The Vision (11.4.16): The Eye Is Not Satisfied


Note:  Devotion taken from last Sunday morning's sermon on Ecclesiasties 1:4-11.

All things are full of labour; man cannot utter it: the eye is not satisfied with seeing, nor the ear filled with hearing (Ecclesiastes 1:8).

In this verse Solomon describe man’s insatiable (unsatisfied) sensory appetite for the things of the natural world.  It is expressed in two statements:  “the eye is not satisfied with seeing, nor the ear filled with hearing.”

How immediately we can resonate with this in the digital age, where at the click of a mouse we can bring any site foul or fair before our eyes.  We can hear nearly any speech, listen to nearly any song, in nearly any genre, in nearly any language.  But what is becoming the distinguishing mark of this generation?  Boredom.  When the envelope has been pushed to the extreme the result is not satisfaction but dissatisfaction and the craving for more.  I once heard a man say that if he had a choice between food and hi-speed internet he’d take the internet.

We are acutely aware of this now, but it was just as true in Solomon’s day.  It was true when there was no television, when there was no video, and no audio recordings in any form.  It is just as true for the Amish who live without electricity as it is for the man who can’t live without his Facebook.  Man has an insatiable hunger for what he can experience through his senses.

It was in attacking this stronghold that John wrote:

1 John 2:15 Love not the world, neither the things that are in the world. If any man love the world, the love of the Father is not in him. 16 For all that is in the world, the lust of the flesh, and the lust of the eyes, and the pride of life, is not of the Father, but is of the world.

What a difficult battle it is!  When Bunyan wrote his allegory called The Holy War about the battle for the town of Mansoul as Emmanuel retakes it from the clutches of the wicked Diabolos, he describe how important was the defense of the five entrances into the place, including:  eye-gate, ear-gate, mouth-gate, nose-gate, and feel-gate.
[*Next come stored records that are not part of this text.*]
lemma epsilon_maps_keep_separation:
  fixes V :: "'a::metric_space set"
  assumes "is_graph V E" "compact V" "closed E" "P \<subseteq> V" "Q \<subseteq> V" "closed P" "closed Q"
    and XY: "X \<noteq> {}" "Y \<noteq> {}" "closed X" "closed Y" "X \<union> Y = P \<inter> Q" "\<forall>a\<in>X. \<forall>b\<in>Y. (a, b) \<notin> E"
  obtains \<epsilon> where "\<epsilon> > 0"
    and "\<And>f :: 'a \<Rightarrow> 'b. epsilon_map V \<epsilon> f \<Longrightarrow>
      \<exists>\<phi>. edge_invariant ((\<lambda>(u, v). (f u, f v)) ` E) (f ` P \<inter> f ` Q) \<phi>
        \<and> (\<forall>x\<in>X. \<not> \<phi> (f x)) \<and> (\<forall>y\<in>Y. \<phi> (f y))"
proof -
  have sub: "X \<subseteq> V" "Y \<subseteq> V"
    using XY(5) assms(4) by auto
  have compact: "compact Z" if "Z \<subseteq> V" "closed Z" for Z
    using compact_Int_closed[OF assms(2) that(2)] that(1) by (simp add: Int_absorb1)
  obtain \<eta> where \<eta>: "\<eta> > 0" "\<And>u v. infdist u X < \<eta> \<Longrightarrow> infdist v Y < \<eta> \<Longrightarrow> (u, v) \<notin> E"
    using closed_relation_avoids_thickenings[of X Y E] compact sub XY assms(3) by blast
  obtain \<epsilon>' where \<epsilon>': "\<epsilon>' > 0"
    "\<And>p q. p \<in> P \<Longrightarrow> q \<in> Q \<Longrightarrow> dist p q < \<epsilon>' \<Longrightarrow> infdist p (P \<inter> Q) < \<eta> / 4"
    using close_points_near_intersection[of P Q "\<eta> / 4"] compact assms(4,6,7) \<eta>(1) by auto
  define \<epsilon> where "\<epsilon> = min \<epsilon>' (\<eta> / 4)"
  have \<epsilon>: "\<epsilon> > 0" "\<epsilon> \<le> \<eta> / 4"
    using \<epsilon>'(1) \<eta>(1) by (simp_all add: \<epsilon>_def)
  have close: "infdist p X < \<eta> / 4 \<or> infdist p Y < \<eta> / 4"
    if "p \<in> P" "q \<in> Q" "dist p q < \<epsilon>" for p q
    using \<epsilon>'(2)[OF that(1,2)] that(3) infdist_Un_min[OF XY(1,2), of p] XY(5)
    unfolding \<epsilon>_def by auto
  show ?thesis
  proof (rule that[OF \<epsilon>(1)])
    fix f :: "'a \<Rightarrow> 'b"
    assume "epsilon_map V \<epsilon> f"
    then show "\<exists>\<phi>. edge_invariant ((\<lambda>(u, v). (f u, f v)) ` E) (f ` P \<inter> f ` Q) \<phi>
        \<and> (\<forall>x\<in>X. \<not> \<phi> (f x)) \<and> (\<forall>y\<in>Y. \<phi> (f y))"
      using separating_invariant_of_epsilon_map[where \<eta>=\<eta> and \<epsilon>=\<epsilon> and f=f] assms(1,4,5) sub \<eta> \<epsilon> close
      by blast
  qed
qed

lemma proj_fraisse_limit_epsilon_map:
  assumes "is_proj_fraisse_limit V E" "\<epsilon> > 0"
  obtains A EA f where "fin_conn_graph A EA" "confluent V E A EA f" "epsilon_map V \<epsilon> f"
proof -
  have "\<forall>\<epsilon>>0. \<exists>A EA f. fin_conn_graph A EA \<and> confluent V E A EA f
      \<and> (\<forall>a\<in>A. diameter (V \<inter> f -` {a}) < \<epsilon>)"
    using assms(1) unfolding is_proj_fraisse_limit_def by (elim conjE)
  then obtain A EA f where A: "fin_conn_graph A EA" "confluent V E A EA f"
    and small: "\<forall>a\<in>A. diameter (V \<inter> f -` {a}) < \<epsilon>"
    using assms(2) by blast
  have "compact V"
    using assms(1) by (simp add: is_proj_fraisse_limit_def topological_graph_def)
  then have "bounded V"
    by (rule compact_imp_bounded)
  have "dist u v < \<epsilon>" if "u \<in> V" "v \<in> V" "f u = f v" for u v
  proof -
    have "f u \<in> A"
      using A(2) that(1) unfolding confluent_def epimorphism_def by blast
    then have "diameter (V \<inter> f -` {f u}) < \<epsilon>"
      using small by blast
    moreover have "dist u v \<le> diameter (V \<inter> f -` {f u})"
      using bounded_subset[OF \<open>bounded V\<close>] that by (intro diameter_bounded_bound) auto
    ultimately show ?thesis
      by linarith
  qed
  then show ?thesis
    using that A unfolding epsilon_map_def by blast
qed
Indeed, how weak and vulnerable is man in his unregenerate state before the onslaughts of Satan!  The description is bleak.  But where is the gospel in this?

I believe it is there in pointing us to our need for Christ.  To those whose eyes were never satisfied and whose ears were never filled, Jesus said:  “I am the bread of life: he that cometh to me shall never hunger; and he that believeth on me shall never thirst” (John 6:35).

There is nothing new under the sun.  Man’s need of Christ is the same in the twenty-first century as it was in the tenth century BC when Solomon lived and in the first century AD when Jesus himself walked the earth.  He is the only one who can satisfy.